The Suicide Squad: James Gunn parle de la liberté créative de cette cote R

The Suicide Squad: James Gunn parle de la liberté créative de cette cote R

Pour être clair, il y a des choses que Gunn aime absolument dans le film d’Ayer. Comment pourrait-il pas, alors qu’il a incorporé tant de acteurs du film de 2016 dans le sien? Dans l’esprit de Gunn, Margot Robbie est née pour jouer Harley Quinn, qu’il espère seulement mettre en valeur davantage en faisant ressortir sa «vraie folie» dans le nouveau film. Amanda Waller de Viola Davis, quant à lui, a été le premier personnage qu’il a décidé de mettre dans son propre film. Mais Gunn est sans ambiguïté sur un point: son La brigade suicide va être ses propres 31 saveurs de bizarre.

«Ce n’était pas quelque chose qui contrastait avec le premier film», dit Gunn. «Il ne s’agissait pas de passer par une liste de contrôle de ceci est bon, c’est mauvais, cela fonctionne, cela ne fonctionne pas… mais le concept avec lequel John Ostrander a commencé dans les bandes dessinées, que ce sont des super-héros merdiques de grade B qui sont considérés comme jetables par le gouvernement américain et sont envoyés dans ces missions de black-ops, où ils ne réussiront probablement pas, mais qui s’en fout parce qu’ils sont des prisonniers de merde sans beaucoup de compétences?

Cette est le film que Gunn voulait faire. Et il l’a fait avec une joie notée R.

Conçu comme une épopée autonome qui pourrait (ou non) être une suite du film de 2016, Gunn’s La brigade suicide est, en substance, censé être une continuation spirituelle des années 80 de l’écrivain de bande dessinée Ostrander couru avec l’équipe.
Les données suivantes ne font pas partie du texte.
lemma path_subst_generates_Zm:
  assumes "\<pi> permutes {1..m}" "irreducible m \<pi>" "2 \<le> m"
  shows "generates_Zm m (\<lambda>k. pop_vec (path_subst m \<pi> q k))"
  using assms(1,2)
proof (induction q arbitrary: \<pi>)
  case Nil
  show ?case using generates_Zm_singletons[OF bij_betw_id] by simp
next
  case (Cons c q)
  have "rauzy_step m c \<pi> permutes {1..m}" "irreducible m (rauzy_step m c \<pi>)"
    using rauzy_step_permutes rauzy_step_irreducible Cons.prems assms(3) by auto
  then show ?case
    using generates_Zm_concat_map[OF step_subst_generates_Zm[OF Cons.prems assms(3)] Cons.IH]
      path_subst_subset assms(3) by simp
qed

lemma generates_Zm_occurs:
  assumes "generates_Zm m (\<lambda>k. pop_vec (w k))" "i \<in> {1..m}"
  shows "\<exists>k\<in>{1..m}. i \<in> set (w k)"
proof (rule ccontr)
  assume "\<not> (\<exists>k\<in>{1..m}. i \<in> set (w k))"
  then have zero: "pop_vec (w k) i = 0" if "k \<in> {1..m}" for k
    using that by (auto simp: pop_vec_def count_list_0_iff)
  obtain c where "\<forall>j\<in>{1..m}. (if j = i then 1 else 0) = (\<Sum>k=1..m. c k * pop_vec (w k) j)"
    using assms(1) unfolding generates_Zm_def
    by (elim allE[of _ "\<lambda>j. if j = i then 1 else 0"]) blast
  then have "(1::int) = (\<Sum>k=1..m. c k * pop_vec (w k) i)" using assms(2) by fastforce
  also have "\<dots> = 0" using zero by simp
  finally show False by simp
qed

section \<open>Stable families\<close>

definition step_sets :: "nat \<Rightarrow> rlabel \<Rightarrow> (nat \<Rightarrow> nat) \<Rightarrow> (nat \<Rightarrow> 'x set) \<Rightarrow> nat \<Rightarrow> 'x set" where
  "step_sets m c \<pi> C j = (\<Union>i\<in>set (step_subst m c \<pi> j). C i)"

lemma step_sets_La:
  "step_sets m La \<pi> C j = (if j \<le> last_pre m \<pi> then C j
     else if j = last_pre m \<pi> + 1 then C (last_pre m \<pi>) \<union> C m else C (j - 1))"
  unfolding step_sets_def step_subst_def Let_def by auto
(* Let $H\in\mathbb C^{d\times d}$ be Hermitian with eigenvalues $\lambda_0\le\lambda_1\le\dots\le\lambda_{d-1}$ and corresponding orthonormal eigenvectors $\ket{\phi_0},\dots,\ket{\phi_{d-1}}$. Fix $j$ and let $\gamma_j:=\min\{|\lambda_j-\lambda_{j-1}|,|\lambda_j-\lambda_{j+1}|\}$ with $\lambda_{-1}:=-\infty$, $\lambda_d:=\infty$. Let $0<t\le\frac{1}{4\|H\|}$, $U=\exp(-iHt)$, and let $\widetilde U$ be a unitary with $\|\widetilde U-U\|\le\frac{t\epsilon}{9}\le\frac13$ for some $0\le\epsilon\le\gamma_j/2$. Let $\ket{\widetilde\phi_j}$ be an eigenvector of the effective Hamiltonian $\widetilde H=\frac it\log\widetilde U$ associated with its $j$-th smallest eigenvalue. Then $$|\langle\phi_j|\widetilde\phi_j\rangle|^2\ge 1-\frac{\pi^2\epsilon^2}{\gamma_j^2}.$$
   Context: $\|\cdot\|$ is the spectral norm. For a matrix $M$ with $\|M-\mathbb 1\|<1$, $\log M:=\sum_{k=1}^\infty\frac{(-1)^{k+1}}{k}(M-\mathbb 1)^k$; under the stated hypotheses this series converges and $\widetilde H=\frac it\log\widetilde U$ is Hermitian, with eigenvalues ordered nondecreasingly and indexed from $0$. *)

theory Defs
  imports "HOL-Analysis.Analysis" "HOL-Library.Extended_Real"
begin

type_synonym 'n cmat = "complex ^ 'n ^ 'n"

definition cadj :: "'n::finite cmat \<Rightarrow> 'n cmat" where
  "cadj A = (\<chi> i j. cnj (A $ j $ i))"

definition hermitian :: "'n::finite cmat \<Rightarrow> bool" where
  "hermitian A \<longleftrightarrow> cadj A = A"

definition unitary :: "'n::finite cmat \<Rightarrow> bool" where
  "unitary U \<longleftrightarrow> U ** cadj U = mat 1 \<and> cadj U ** U = mat 1"

definition snorm :: "'n::finite cmat \<Rightarrow> real" where
  "snorm A = onorm (\<lambda>x. A *v x)"

definition cscale :: "complex \<Rightarrow> 'n::finite cmat \<Rightarrow> 'n cmat" where
  "cscale c A = (\<chi> i j. c * A $ i $ j)"

fun matpow :: "'n::finite cmat \<Rightarrow> nat \<Rightarrow> 'n cmat" where
  "matpow A 0 = mat 1"
| "matpow A (Suc k) = A ** matpow A k"

definition mexp :: "'n::finite cmat \<Rightarrow> 'n cmat" where
  "mexp A = (\<Sum>k. (1 / fact k) *\<^sub>R matpow A k)"

definition mlog :: "'n::finite cmat \<Rightarrow> 'n cmat" where
  "mlog M = (\<Sum>k. ((-1) ^ k / real (Suc k)) *\<^sub>R matpow (M - mat 1) (Suc k))"

definition cinner :: "complex ^ 'n::finite \<Rightarrow> complex ^ 'n \<Rightarrow> complex" where
  "cinner x y = (\<Sum>i\<in>UNIV. cnj (x $ i) * y $ i)"

definition ordered_eigensystem ::
  "'n::finite cmat \<Rightarrow> (nat \<Rightarrow> real) \<Rightarrow> (nat \<Rightarrow> complex ^ 'n) \<Rightarrow> bool" where
  "ordered_eigensystem A lam phi \<longleftrightarrow>
     (\<forall>k l. k \<le> l \<longrightarrow> l < CARD('n) \<longrightarrow> lam k \<le> lam l) \<and>
     (\<forall>k < CARD('n). A *v phi k = complex_of_real (lam k) *s phi k) \<and>
     (\<forall>k < CARD('n). \<forall>l < CARD('n). cinner (phi k) (phi l) = (if k = l then 1 else 0))"

definition spec_gap :: "(nat \<Rightarrow> real) \<Rightarrow> nat \<Rightarrow> nat \<Rightarrow> ereal" where
  "spec_gap lam d j =
     min (if j = 0 then \<infinity> else ereal \<bar>lam j - lam (j - 1)\<bar>)
         (if j + 1 = d then \<infinity> else ereal \<bar>lam j - lam (j + 1)\<bar>)"

end

(* Because t \<parallel>H\<parallel> \<le> 1/4, every eigenvalue of U = exp(-iHt) lies on the arc where the
   logarithm series inverts the exponential, so (i/t) log U = H exactly. The logarithm is
   Lipschitz with constant 12/5 near the identity, hence \<parallel>H' - H\<parallel> \<le> 4\<epsilon>/15 for the effective
   Hamiltonian H' = (i/t) log U'. By Weyl's inequality its j-th eigenvalue \<mu> lies within 4\<epsilon>/15
   of \<lambda>_j, so \<mu> stays at distance at least \<gamma>_j - 4\<epsilon>/15 \<ge> 13\<gamma>_j/15 from every other
   eigenvalue of H. Expanding the eigenvector of H' in the eigenbasis of H, its residual
   \<parallel>(H - \<mu>) \<phi>'\<parallel> \<le> 4\<epsilon>/15 bounds its weight off \<phi>_j. *)

theory Submission
  imports Defs
begin

section \<open>The Hermitian inner product\<close>

lemma cinner_commute: "cinner x y = cnj (cinner y x)"
  by (simp add: cinner_def mult.commute)

lemma cinner_smult_right: "cinner x (c *s y) = c * cinner x y"
  by (simp add: cinner_def sum_distrib_left algebra_simps)

lemma cinner_smult_left: "cinner (c *s x) y = cnj c * cinner x y"
  by (simp add: cinner_def sum_distrib_left algebra_simps)

lemma cinner_add_right: "cinner x (y + z) = cinner x y + cinner x z"
  by (simp add: cinner_def sum.distrib algebra_simps)

lemma cinner_diff_right: "cinner x (y - z) = cinner x y - cinner x z"
  by (simp add: cinner_def sum_subtractf algebra_simps)

lemma cinner_sum_right: "cinner x (sum f A) = (\<Sum>a\<in>A. cinner x (f a))"
  by (induction A rule: infinite_finite_induct)
    (auto simp: cinner_def cinner_add_right sum.distrib algebra_simps)

lemma inner_eq_Re_cinner: "inner x y = Re (cinner x y)"
  by (simp add: cinner_def inner_vec_def inner_complex_def Re_sum)

lemma cinner_self: "cinner x x = complex_of_real ((norm x)\<^sup>2)"
proof -
  have "cinner x x = (\<Sum>i\<in>UNIV. complex_of_real ((cmod (x $ i))\<^sup>2))"
    unfolding cinner_def by (intro sum.cong refl) (simp only: complex_norm_square mult.commute)
  also have "\<dots> = complex_of_real ((norm x)\<^sup>2)"
    by (simp add: norm_vec_def L2_set_def sum_nonneg flip: of_real_power of_real_sum)
  finally show ?thesis .
qed

lemma cinner_mult_cnj_self: "cinner x y * cinner y x = complex_of_real ((cmod (cinner x y))\<^sup>2)"
  by (metis cinner_commute complex_norm_square)

lemma cinner_eq_0_if_inner_eq_0:
  assumes "inner x v = 0" and "inner x (\<i> *s v) = 0"
  shows "cinner v x = 0"
  using assms unfolding inner_eq_Re_cinner cinner_smult_right
  by (subst (asm) (1 2) cinner_commute) (simp add: complex_eq_iff)

lemma norm_smult_complex: "norm (c *s (x :: complex ^ 'n::finite)) = cmod c * norm x"
  unfolding norm_vec_def by (simp add: norm_mult L2_set_right_distrib)

lemma scaleR_eq_smult_of_real: "c *\<^sub>R (x :: complex ^ 'n::finite) = complex_of_real c *s x"
  by (simp add: vec_eq_iff) (simp add: scaleR_conv_of_real)

lemma smult_sum_right: "c *s (\<Sum>k\<in>K. v k) = (\<Sum>k\<in>K. c *s (v k :: complex ^ 'n::finite))"
  by (simp add: vec_eq_iff sum_component sum_distrib_left)

lemma matrix_vector_mult_smult: "A *v (c *s x) = c *s (A *v (x :: 'a::comm_ring_1 ^ 'n::finite))"
  by (simp add: vec_eq_iff matrix_vector_mult_def sum_distrib_left algebra_simps)

lemma matrix_vector_mult_sum: "A *v (\<Sum>k\<in>K. v k) = (\<Sum>k\<in>K. A *v (v k :: 'a::comm_ring_1 ^ 'n::finite))"
  by (induction K rule: infinite_finite_induct) (auto simp: matrix_vector_right_distrib)

lemma cscale_matrix_vector_mult: "cscale c A *v x = c *s (A *v x)"
  by (simp add: vec_eq_iff matrix_vector_mult_def cscale_def sum_distrib_left algebra_simps)

section \<open>Orthonormal bases\<close>

definition orthonormal_basis :: "(nat \<Rightarrow> complex ^ 'n::finite) \<Rightarrow> bool" where
  "orthonormal_basis f \<longleftrightarrow>
     (\<forall>k < CARD('n). \<forall>l < CARD('n). cinner (f k) (f l) = (if k = l then 1 else 0))"

lemma ordered_eigensystem_orthonormal_basis: "ordered_eigensystem A lam phi \<Longrightarrow> orthonormal_basis phi"
  unfolding ordered_eigensystem_def orthonormal_basis_def by blast

lemma ordered_eigensystemD:
  assumes "ordered_eigensystem (A :: 'n::finite cmat) lam phi"
  shows "\<And>k l. k \<le> l \<Longrightarrow> l < CARD('n) \<Longrightarrow> lam k \<le> lam l"
    and "\<forall>k < CARD('n). A *v phi k = complex_of_real (lam k) *s phi k"
  using assms unfolding ordered_eigensystem_def by blast+

lemma orthonormal_basis_norm:
  assumes "orthonormal_basis f" and "k < CARD('n)"
  shows "norm (f k :: complex ^ 'n::finite) = 1"
proof -
  have "complex_of_real ((norm (f k))\<^sup>2) = 1"
    using assms cinner_self[of "f k"] unfolding orthonormal_basis_def by simp
  then have "(norm (f k))\<^sup>2 = 1"
    using of_real_eq_1_iff by blast
  then show ?thesis
    using norm_ge_zero[of "f k"] by (simp add: power2_eq_1_iff)
qed

lemma orthonormal_basis_inner:
  fixes f :: "nat \<Rightarrow> complex ^ 'n::finite"
  assumes "orthonormal_basis f" and "k < CARD('n)" and "l < CARD('n)"
  shows "inner (f k) (f l) = (if k = l then 1 else 0)"
    and "inner (\<i> *s f k) (\<i> *s f l) = (if k = l then 1 else 0)"
    and "inner (f k) (\<i> *s f l) = 0"
    and "inner (\<i> *s f k) (f l) = 0"
  using assms unfolding orthonormal_basis_def inner_eq_Re_cinner
  by (auto simp: cinner_smult_left cinner_smult_right)

text \<open>\<open>complex ^ 'n\<close> is only a real inner product space in HOL-Analysis. Over the reals the
  vectors \<open>f k\<close> and \<open>\<i> f k\<close> are orthonormal, so counting dimensions shows they span.\<close>

lemma orthonormal_basis_real_span:
  fixes f :: "nat \<Rightarrow> complex ^ 'n::finite"
  assumes onb: "orthonormal_basis f"
  shows "span (f ` {..<CARD('n)} \<union> (\<lambda>k. \<i> *s f k) ` {..<CARD('n)}) = UNIV"
    (is "span (?A \<union> ?B) = _")
proof -
  note ip = orthonormal_basis_inner[OF onb]
  have inj: "inj_on f {..<CARD('n)}" "inj_on (\<lambda>k. \<i> *s f k) {..<CARD('n)}"
    using ip(1,2) by (metis (no_types, lifting) inj_onI lessThan_iff zero_neq_one)+
  have disj: "?A \<inter> ?B = {}"
    using ip(1,3) by (force simp del: vector_smult_assoc)
  have card: "card (?A \<union> ?B) = DIM(complex ^ 'n)"
    using card_Un_disjoint[OF _ _ disj] card_image[OF inj(1)] card_image[OF inj(2)] by simp
  have "pairwise orthogonal (?A \<union> ?B)"
    using ip unfolding pairwise_def orthogonal_def by (auto simp del: vector_smult_assoc)
  moreover have "0 \<notin> ?A \<union> ?B"
    using ip(1,2) by force
  ultimately have "independent (?A \<union> ?B)"
    by (rule pairwise_orthogonal_independent)
  then show ?thesis
    using card_eq_dim[of "?A \<union> ?B" UNIV] card by auto
qed
(* Let $k\in\mathbb{N}$. For any three polygonal curves $\sigma$, $\tau$, $\upsilon$ in $\mathbb{R}^d$ (of arbitrary, possibly different, complexities) it holds that $$d_{k\text{-}DTW}(\sigma,\tau)\le k\cdot\big(d_{k\text{-}DTW}(\sigma,\upsilon)+d_{k\text{-}DTW}(\upsilon,\tau)\big).$$ This bound is tight, i.e., there exist curves $\sigma,\tau,\upsilon$ for which equality holds. Further, there is no constant $c>0$ independent of $k$ and of the complexities of the curves such that $d_{k\text{-}DTW}(\sigma,\tau)\le c\cdot\big(d_{k\text{-}DTW}(\sigma,\upsilon)+d_{k\text{-}DTW}(\upsilon,\tau)\big)$ holds for all triples of curves.
   Context: A polygonal curve of complexity $m$ in $\mathbb{R}^d$ is identified with its sequence of vertices $(w_1,\dots,w_m)$, $w_i\in\mathbb{R}^d$. For curves $\sigma=(v_1,\dots,v_{m'})$ and $\tau=(w_1,\dots,w_{m''})$, a traversal $T$ is a sequence of index pairs $(i,j)$ that starts with $(1,1)$, ends with $(m',m'')$, and in which each pair $(i,j)$ is followed only by $(i+1,j)$, $(i,j+1)$ or $(i+1,j+1)$; $\mathcal{T}$ denotes the set of all traversals. For a traversal $T$ let $s^{(T)}_1\ge s^{(T)}_2\ge\dots\ge s^{(T)}_{|T|}$ be the Euclidean distances $\|v_i-w_j\|$ over the pairs $(i,j)\in T$ sorted non-increasingly, and set $s^{(T)}_l=0$ for $l>|T|$. The $k$-DTW distance is $d_{k\text{-}DTW}(\sigma,\tau)=\min_{T\in\mathcal{T}}\sum_{l=1}^k s^{(T)}_l$. *)

theory Defs
  imports "HOL-Analysis.Analysis"
begin

text \<open>A polygonal curve of complexity m is the list of its m vertices (m = length, m >= 1).
  Indices of traversals are 1-based, as in the paper.\<close>

definition traversals :: "nat \<Rightarrow> nat \<Rightarrow> (nat \<times> nat) list set" where
  "traversals m1 m2 = {T. T \<noteq> [] \<and> hd T = (1, 1) \<and> last T = (m1, m2) \<and>
      (\<forall>l. Suc l < length T \<longrightarrow>
         T ! Suc l \<in> {(Suc (fst (T ! l)), snd (T ! l)),
                      (fst (T ! l), Suc (snd (T ! l))),
                      (Suc (fst (T ! l)), Suc (snd (T ! l)))})}"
Davis ‘Waller est toujours la dame louche du gouvernement qui tire les ficelles et recrute des sacs tristes incarcérés pour faire le travail humide que l’application de la loi ne fera pas; son homme de pointe sur le terrain reste Rick Flag (Joel Kinnaman), une flèche droite entourée de super-vilains forcés, y compris des visages familiers comme la délicieusement folle Harley de Robbie, ainsi que de nouveaux tels que Bloodsport d’Idris Elba.

Le genre que Gunn et ses cohortes comparent à celui des films de guerre, mais contre qui ils vont faire la guerre n’est pas tout à fait clair. Cela dit, un marketing récent a révélé une bande dessinée en profondeur, avec Starro, l’extraterrestre des années 1950, se déchaînant à la taille d’un kaiju.

«Starro est hilarant parce qu’il est ridicule. C’est une étoile de mer bleue géante et céruléenne, mais il est aussi terrifiant », dit Gunn. «Quand j’étais enfant, je pensais que c’était la chose la plus effrayante de tous les temps… et je pense que cela illustre ce qu’est ce film: c’est ridicule et c’est aussi terrifiant et sérieux. Il fonctionne donc très bien en tant que méchant du film – en tant que méchant, en fait.